Em defesa do Bloco

Como democrata e homem de esquerda, parece-me completamente intolerável, além de bastante perigosa, a vaga de depreciação da qual o Bloco de Esquerda está agora a ser objeto. Não apenas pela direita em geral, o que não será grave – seria até um mau sinal se tal não acontecesse –, mas por muitos jornalistas e comentadores com assento cativo nas televisões e nos jornais. Alguns fazem-lhe até uma espécie de funeral antecipado, equiparando o seu eventual desaparecimento à morte de toda a esquerda como ideal, como projeto e como solução, falando mesmo do fim de uma época da história das lutas sociais e das democracias.
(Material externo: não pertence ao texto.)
lemma side_apex:
  assumes "nondegenerate t" "j < 3" "side t j = (p, q)" "{p, q} = {u, v}"
  shows "\<exists>w. (\<forall>P. in_open_triangle t P \<longleftrightarrow> in_open_triangle (u, v, w) P)
    \<and> cross2 (v - u) (w - u) \<noteq> 0"
proof -
  obtain x y z where t: "t = (x, y, z)" by (cases t) auto
  have D: "cross2 (y - x) (z - x) \<noteq> 0" "cross2 (z - y) (x - y) \<noteq> 0" "cross2 (x - z) (y - z) \<noteq> 0"
    using assms(1) t by (auto simp: nondegenerate_def cross2_def algebra_simps)
  have rot: "in_open_triangle (x, y, z) P \<longleftrightarrow> in_open_triangle (y, z, x) P"
    "in_open_triangle (x, y, z) P \<longleftrightarrow> in_open_triangle (z, x, y) P" for P
    using in_open_triangle_rotate[of x y z] in_open_triangle_rotate[of y z x] by simp_all
  have "\<exists>w. (\<forall>P. in_open_triangle t P \<longleftrightarrow> in_open_triangle (p, q, w) P)
      \<and> cross2 (q - p) (w - p) \<noteq> 0"
  proof -
    have "j = 0 \<or> j = 1 \<or> j = 2" using assms(2) by linarith
    then consider "p = x" "q = y" | "p = y" "q = z" | "p = z" "q = x"
      using assms(3) t by (auto simp: side_def)
    then show ?thesis
    proof cases
      case 1
      then show ?thesis using t D(1) by (intro exI[of _ z]) simp
    next
      case 2
      then show ?thesis using t D(2) rot(1) by (intro exI[of _ x]) simp
    next
      case 3
      then show ?thesis using t D(3) rot(2) by (intro exI[of _ y]) simp
    qed
  qed
  then obtain w where w: "\<forall>P. in_open_triangle t P \<longleftrightarrow> in_open_triangle (p, q, w) P"
    "cross2 (q - p) (w - p) \<noteq> 0" by blast
  have "p \<noteq> q" using w(2) by (auto simp: cross2_def)
  with assms(4) consider "p = u" "q = v" | "p = v" "q = u" by (auto simp: doubleton_eq_iff)
  then show ?thesis
  proof cases
    case 1
    then show ?thesis using w by blast
  next
    case 2
    have "cross2 (v - u) (w - u) = - cross2 (u - v) (w - v)" by (simp add: cross2_def algebra_simps)
    then show ?thesis using w 2 in_open_triangle_swap[of v u w] by (intro exI[of _ w]) simp
  qed
qed

lemma nondegenerate_side_inj:
  assumes "nondegenerate t" "j < 3" "j' < 3" "side t j = (p, q)" "side t j' = (p', q')"
    "{p, q} = {p', q'}"
  shows "j = j'"
proof -
  obtain x y z where t: "t = (x, y, z)" by (cases t) auto
  have "x \<noteq> y" "y \<noteq> z" "z \<noteq> x"
    using assms(1) t by (auto simp: nondegenerate_def cross2_def)
  then show ?thesis using assms(2-6) t
    by (auto simp: side_def doubleton_eq_iff split: if_splits)
qed

definition Tedge :: "nat list \<times> nat \<Rightarrow> complex set" where
  "Tedge e = (case side (Tcorners (fst e)) (snd e) of (u, v) \<Rightarrow> {u, v})"

lemma Tedge_apex:
  assumes "e \<in> SE n" "Tedge e = {u, v}"
  shows "\<exists>w. (\<forall>P. in_open_triangle (Tcorners (fst e)) P \<longleftrightarrow> in_open_triangle (u, v, w) P)
    \<and> cross2 (v - u) (w - u) \<noteq> 0"
proof -
  obtain p q where pq: "side (Tcorners (fst e)) (snd e) = (p, q)" by fastforce
  show ?thesis
    using side_apex[OF nondegenerate_Tcorners _ pq] pq assms by (auto simp: Tedge_def SE_def)
qed

lemma Tedge_same_face_inj:
  assumes "e \<in> SE n" "e' \<in> SE n" "fst e = fst e'" "Tedge e = Tedge e'"
  shows "e = e'"
proof -
  obtain p q where pq: "side (Tcorners (fst e)) (snd e) = (p, q)" by fastforce
  obtain p' q' where pq': "side (Tcorners (fst e)) (snd e') = (p', q')" by fastforce
  have "snd e = snd e'"
    using nondegenerate_side_inj[OF nondegenerate_Tcorners _ _ pq pq'] assms pq pq'
    by (auto simp: Tedge_def SE_def)
  with assms(3) show ?thesis by (simp add: prod_eq_iff)
qed

text \<open>Faces of \<open>T\<^sub>n\<close> over a common side are told apart by the side of the line \<open>uv\<close> on which
  their apex lies.\<close>

lemma card_Tedge_fiber_le_2: "card {e \<in> SE n. Tedge e = b} \<le> 2"
proof (cases "{e \<in> SE n. Tedge e = b} = {}")
  case False
  then obtain e0 where "Tedge e0 = b" by blast
  then obtain u v where b: "b = {u, v}"
    by (cases "side (Tcorners (fst e0)) (snd e0)") (auto simp: Tedge_def)
  define F where "F = {e \<in> SE n. Tedge e = b}"
  have "\<forall>e\<in>F. \<exists>w. (\<forall>P. in_open_triangle (Tcorners (fst e)) P \<longleftrightarrow> in_open_triangle (u, v, w) P)
      \<and> cross2 (v - u) (w - u) \<noteq> 0"
  proof
    fix e assume "e \<in> F"
    then show "\<exists>w. (\<forall>P. in_open_triangle (Tcorners (fst e)) P \<longleftrightarrow> in_open_triangle (u, v, w) P)
      \<and> cross2 (v - u) (w - u) \<noteq> 0"
      by (intro Tedge_apex[of e n]) (simp_all add: F_def b)
  qed
  then obtain w where w: "\<forall>e\<in>F.
      (\<forall>P. in_open_triangle (Tcorners (fst e)) P \<longleftrightarrow> in_open_triangle (u, v, w e) P)
      \<and> cross2 (v - u) (w e - u) \<noteq> 0"
    by (elim bchoice[elim_format] exE)
  define side_sign where "side_sign e = sgn (cross2 (v - u) (w e - u))" for e
  have "inj_on side_sign F"
  proof (rule inj_onI)
    fix e e' assume e: "e \<in> F" "e' \<in> F" and eq: "side_sign e = side_sign e'"
    have we: "\<forall>P. in_open_triangle (Tcorners (fst e)) P \<longleftrightarrow> in_open_triangle (u, v, w e) P"
      "cross2 (v - u) (w e - u) \<noteq> 0" using bspec[OF w e(1)] by simp_all
    have we': "\<forall>P. in_open_triangle (Tcorners (fst e')) P \<longleftrightarrow> in_open_triangle (u, v, w e') P"
      "cross2 (v - u) (w e' - u) \<noteq> 0" using bspec[OF w e(2)] by simp_all
    have "cross2 (v - u) (w e - u) * cross2 (v - u) (w e' - u) > 0"
      using eq we(2) we'(2) unfolding side_sign_def
      by (auto simp: sgn_real_def zero_less_mult_iff split: if_splits)
    then obtain P where "in_open_triangle (u, v, w e) P" "in_open_triangle (u, v, w e') P"
      using open_triangles_same_side_meet by blast
    then have "in_open_triangle (Tcorners (fst e)) P" "in_open_triangle (Tcorners (fst e')) P"
      using we(1) we'(1) by simp_all
    moreover have "fst e \<in> addrs n" "fst e' \<in> addrs n" using e by (auto simp: F_def SE_def)
    ultimately have "fst e = fst e'" by (intro Tcorners_open_disjoint)
    moreover have "e \<in> SE n" "e' \<in> SE n" "Tedge e = Tedge e'" using e by (simp_all add: F_def)
    ultimately show "e = e'" by (intro Tedge_same_face_inj)
  qed
  moreover have "side_sign e \<in> {-1, 1}" if "e \<in> F" for e
    using bspec[OF w that] by (simp add: side_sign_def sgn_real_def)
  ultimately have "card F \<le> card {-1, 1 :: real}"
    by (intro card_inj_on_le) auto
  then show ?thesis by (simp add: F_def)
next
  case True
  then show ?thesis unfolding True by simp
qed

lemma pmf_bool_eqI: "pmf M True = pmf N True \<Longrightarrow> M = (N :: bool pmf)"
  by (rule pmf_eqI) (metis (full_types) pmf_False_conv_True)

lemma measure_pmf_prob_mono_coupling:
  assumes "map_pmf fst J = M" "map_pmf snd J = N"
    and "\<And>x y. (x, y) \<in> set_pmf J \<Longrightarrow> x \<in> U \<Longrightarrow> y \<in> V"
  shows "measure_pmf.prob M U \<le> measure_pmf.prob N V"
proof -
  have "measure_pmf.prob M U = measure_pmf.prob J (fst -` U)" using assms(1) by auto
  also have "\<dots> \<le> measure_pmf.prob J (snd -` V)"
    by (rule measure_pmf.finite_measure_mono_AE) (auto simp: AE_measure_pmf_iff dest: assms(3))
  also have "\<dots> = measure_pmf.prob N V" using assms(2) by auto
  finally show ?thesis .
qed

lemma bernoulli_pmf_disj:
  assumes "0 \<le> p" "p \<le> 1" "0 \<le> r" "r \<le> 1"
  shows "do {y \<leftarrow> bernoulli_pmf p; z \<leftarrow> bernoulli_pmf r; return_pmf (y \<or> z)}
    = bernoulli_pmf (p + (1 - p) * r)"
proof (rule pmf_bool_eqI)
  have "(1 - p) * r \<le> 1 - p" using assms by (simp add: mult_left_le)
  then have "0 \<le> p + (1 - p) * r" "p + (1 - p) * r \<le> 1" using assms by simp_all
  then show "pmf (do {y \<leftarrow> bernoulli_pmf p; z \<leftarrow> bernoulli_pmf r; return_pmf (y \<or> z)}) True =
        pmf (bernoulli_pmf (p + (1 - p) * r)) True"
    using assms by (simp add: pmf_bind)
qed

lemma map_pmf_Bex_Pi_bernoulli:
  assumes "finite A" "0 \<le> p" "p \<le> 1"
  shows "map_pmf (\<lambda>\<omega>. \<exists>a\<in>A. \<omega> a) (Pi_pmf A False (\<lambda>_. bernoulli_pmf p))
    = bernoulli_pmf (1 - (1 - p) ^ card A)"
  using assms(1)
proof (induction rule: finite_induct)
  case empty
  show ?case by (rule pmf_bool_eqI) simp
next
  case (insert x A)
  define r where "r = 1 - (1 - p) ^ card A"
  have r: "0 \<le> r" "r \<le> 1" using assms unfolding r_def by (auto simp: power_le_one)
  have "map_pmf (\<lambda>\<omega>. \<exists>a\<in>insert x A. \<omega> a) (Pi_pmf (insert x A) False (\<lambda>_. bernoulli_pmf p))
      = do {y \<leftarrow> bernoulli_pmf p; f \<leftarrow> Pi_pmf A False (\<lambda>_. bernoulli_pmf p);
            return_pmf (y \<or> (\<exists>a\<in>A. f a))}"
    using insert.hyps
    by (simp add: Pi_pmf_insert' map_bind_pmf cong: bind_pmf_cong) (intro bind_pmf_cong refl, auto)
  also have "\<dots> = do {y \<leftarrow> bernoulli_pmf p;
      z \<leftarrow> map_pmf (\<lambda>\<omega>. \<exists>a\<in>A. \<omega> a) (Pi_pmf A False (\<lambda>_. bernoulli_pmf p)); return_pmf (y \<or> z)}"
    by (simp add: bind_map_pmf)
  also have "\<dots> = do {y \<leftarrow> bernoulli_pmf p; z \<leftarrow> bernoulli_pmf r; return_pmf (y \<or> z)}"
    using insert.IH r_def by simp
  also have "\<dots> = bernoulli_pmf (p + (1 - p) * r)" using bernoulli_pmf_disj[OF assms(2,3) r] .
  also have "p + (1 - p) * r = 1 - (1 - p) ^ card (insert x A)"
    using insert.hyps by (simp add: r_def algebra_simps)
  finally show ?case .
qed

lemma map_pmf_fiber_Bex_Pi_bernoulli:
  assumes "finite B" "finite A" "f ` A \<subseteq> B" "0 \<le> p" "p \<le> 1"
  shows "map_pmf (\<lambda>\<omega> b. \<exists>a\<in>A. f a = b \<and> \<omega> a) (Pi_pmf A False (\<lambda>_. bernoulli_pmf p)) =
         Pi_pmf B False (\<lambda>b. bernoulli_pmf (1 - (1 - p) ^ card {a\<in>A. f a = b}))"
  using assms(1,2,3)
proof (induction B arbitrary: A rule: finite_induct)
  case empty
  then have "A = {}" by auto
  then show ?case by (simp add: fun_eq_iff)
next
  case (insert b B)
  define A1 where "A1 = {a\<in>A. f a = b}"
  define A2 where "A2 = {a\<in>A. f a \<noteq> b}"
  have fin: "finite A1" "finite A2" using insert.prems by (auto simp: A1_def A2_def)
  have AU: "A = A1 \<union> A2" "A1 \<inter> A2 = {}" by (auto simp: A1_def A2_def)
  have fA2: "f ` A2 \<subseteq> B" using insert.prems by (auto simp: A2_def)
  let ?M1 = "Pi_pmf A1 False (\<lambda>_. bernoulli_pmf p)"
  let ?M2 = "Pi_pmf A2 False (\<lambda>_. bernoulli_pmf p)"
  let ?OR2 = "\<lambda>h b'. \<exists>a\<in>A2. f a = b' \<and> h a"
  let ?EX1 = "\<lambda>g. \<exists>a\<in>A1. g a"
  let ?Q = "\<lambda>b. bernoulli_pmf (1 - (1 - p) ^ card {a\<in>A. f a = b})"
  have "Pi_pmf A False (\<lambda>_. bernoulli_pmf p)
      = map_pmf (\<lambda>(g, h) x. if x \<in> A1 then g x else h x) (pair_pmf ?M1 ?M2)"
    unfolding AU(1) by (rule Pi_pmf_union[OF fin AU(2)])
  then have "map_pmf (\<lambda>\<omega> b. \<exists>a\<in>A. f a = b \<and> \<omega> a) (Pi_pmf A False (\<lambda>_. bernoulli_pmf p))
      = map_pmf (\<lambda>(y, k). k(b := y)) (map_pmf (\<lambda>(g, h). (?EX1 g, ?OR2 h)) (pair_pmf ?M1 ?M2))"
    by (simp add: pmf.map_comp o_def case_prod_unfold)
       (intro map_pmf_cong refl, auto simp: fun_eq_iff A1_def A2_def)
  also have "\<dots> = map_pmf (\<lambda>(y, k). k(b := y)) (pair_pmf (map_pmf ?EX1 ?M1) (map_pmf ?OR2 ?M2))"
    by (simp only: map_pair)
  also have "map_pmf ?EX1 ?M1 = bernoulli_pmf (1 - (1 - p) ^ card A1)"
    by (rule map_pmf_Bex_Pi_bernoulli[OF fin(1) assms(4,5)])
  also have "map_pmf ?OR2 ?M2
      = Pi_pmf B False (\<lambda>b. bernoulli_pmf (1 - (1 - p) ^ card {a\<in>A2. f a = b}))"
    by (rule insert.IH[OF fin(2) fA2])
  also have "\<dots> = Pi_pmf B False ?Q"
  proof (intro Pi_pmf_cong refl)
    fix x assume "x \<in> B"
    then have "{a\<in>A2. f a = x} = {a\<in>A. f a = x}" using insert.hyps by (auto simp: A2_def)
    then show "bernoulli_pmf (1 - (1 - p) ^ card {a\<in>A2. f a = x}) = ?Q x" by simp
  qed
  also have "map_pmf (\<lambda>(y, k). k(b := y))
      (pair_pmf (bernoulli_pmf (1 - (1 - p) ^ card A1)) (Pi_pmf B False ?Q))
      = Pi_pmf (insert b B) False ?Q"
    by (subst Pi_pmf_insert[OF insert.hyps]) (simp add: A1_def)
  finally show ?case .
qed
Durante bastante tempo, e episodicamente isso ainda acontece, passei por ser aderente do Bloco de Esquerda. É verdade que participei em alguns encontros no seu início, e que durante cerca de quinze anos, além de ser seu eleitor, colaborei em diversas iniciativas do partido, como empenhado «companheiro de jornada», mas, de facto, jamais tive com ele uma ligação formal. Comecei até a distanciar-me, quando a sua opção exclusiva como partido de protesto, a sua dificuldade em dialogar com o centro-esquerda e algum antieuropeísmo, causaram danos políticos. A partir dessa altura, escrevi artigos de opinião onde critiquei, sempre de forma que julguei construtiva, algumas das suas escolhas, tendo por isso granjeado, entre bloquistas mais sectários, uma reputação de incómodo ou mesmo de apóstata. 
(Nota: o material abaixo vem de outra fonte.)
lemma scal_add: "scal a (x + y) = scal a x + scal a y"
  by (simp add: scal_def fun_eq_iff distrib_left)

lemma l2norm_scal: "l2norm (scal a x) = cmod a * l2norm x"
proof -
  have "infsum (\<lambda>i. (cmod (scal a x i))^2) UNIV = (cmod a)^2 * infsum (\<lambda>i. (cmod (x i))^2) UNIV"
    by (simp add: scal_def norm_mult power_mult_distrib infsum_cmult_right')
  then show ?thesis by (simp add: l2norm_def real_sqrt_mult)
qed

lemma l2norm_minus_commute: "l2norm (x - y) = l2norm (y - x)"
  by (metis l2norm_scal uminus_eq_scal minus_diff_eq norm_minus_cancel norm_one mult_1)

lemma
  assumes "x \<in> ell2" "y \<in> ell2"
  shows abs_cinner_summable: "(\<lambda>i. cmod (x i) * cmod (y i)) summable_on UNIV"
    and abs_cinner_le: "infsum (\<lambda>i. cmod (x i) * cmod (y i)) UNIV \<le> l2norm x * l2norm y"
proof -
  have partial: "(\<Sum>i\<in>F. cmod (x i) * cmod (y i)) \<le> l2norm x * l2norm y" for F
  proof -
    have "(\<Sum>i\<in>F. cmod (x i) * cmod (y i)) \<le> L2_set (\<lambda>i. cmod (x i)) F * L2_set (\<lambda>i. cmod (y i)) F"
      using L2_set_mult_ineq[of "\<lambda>i. cmod (x i)" "\<lambda>i. cmod (y i)" F] by simp
    also have "\<dots> \<le> l2norm x * l2norm y"
      using assms by (intro mult_mono L2_set_le_l2norm) (auto simp: l2norm_nonneg L2_set_nonneg)
    finally show ?thesis .
  qed
  show summable: "(\<lambda>i. cmod (x i) * cmod (y i)) summable_on UNIV"
    by (rule nonneg_bdd_above_summable_on) (auto intro!: bdd_aboveI2 partial)
  show "infsum (\<lambda>i. cmod (x i) * cmod (y i)) UNIV \<le> l2norm x * l2norm y"
    by (rule infsum_le_finite_sums[OF summable partial])
qed
lemma fa_eval_mult:
  assumes "f \<in> FA" and "g \<in> FA"
  shows "fa_eval A B (fa_mult f g) = fa_eval A B f * fa_eval A B g"
proof -
  let ?S = "fa_supp f" and ?T = "fa_supp g"
  let ?U = "(\<lambda>(u, v). u @ v) ` (?S \<times> ?T)"
  have S: "finite ?S" and T: "finite ?T" using assms by (simp_all add: FA_iff)
  then have U: "finite ?U" by simp
  have "fa_eval A B (fa_mult f g) = (\<Sum>w\<in>?U. const_mat2 (fa_mult f g w) * word_eval A B w)"
    by (rule fa_eval_superset[OF U fa_supp_fa_mult])
  also have "\<dots> = (\<Sum>w\<in>?U. \<Sum>x | x \<in> ?S \<times> ?T \<and> fst x @ snd x = w.
      const_mat2 (f (fst x) * g (snd x)) * word_eval A B (fst x @ snd x))"
    unfolding fa_mult_conv[OF S T subset_refl subset_refl] const_mat2_sum sum_distrib_right
    by (intro sum.cong) auto
  also have "\<dots> = (\<Sum>x\<in>?S \<times> ?T. const_mat2 (f (fst x) * g (snd x)) * word_eval A B (fst x @ snd x))"
    by (rule sum.group[OF finite_cartesian_product[OF S T] U]) auto
  also have "\<dots> = (\<Sum>u\<in>?S. \<Sum>v\<in>?T.
      (const_mat2 (f u) * word_eval A B u) * (const_mat2 (g v) * word_eval A B v))"
    unfolding sum.cartesian_product
    by (intro sum.cong refl) (clarify, simp only: fst_conv snd_conv word_eval_append const_mat2_mult_mult)
  also have "\<dots> = fa_eval A B f * fa_eval A B g"
    by (simp add: fa_eval_def sum_product)
  finally show ?thesis .
qed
Todavia, continuei e continuo, apesar de ser agora membro de outro partido de esquerda, a ter muitos amigos e amigas no Bloco, e também a concordar com muitas das suas escolhas, valorizando, num tempo marcado pela cobardia, pela ductilidade e pela emergência desavergonhada da extrema-direita, a sua iniciativa sempre frontal e corajosa. Reconhecendo, ao mesmo tempo, o que fez pela nossa vida coletiva, e considerando-o uma força democrática imprescindível, numa área não ortodoxa de combate pela justiça social, pela igualdade, pela ecologia e pelo socialismo. Sendo verdade que o BE atravessa um momento difícil, continuará o seu caminho e, contra ventos e marés, voltará a mostrar do que é capaz. Merece o maior respeito de quem se afirma democrata.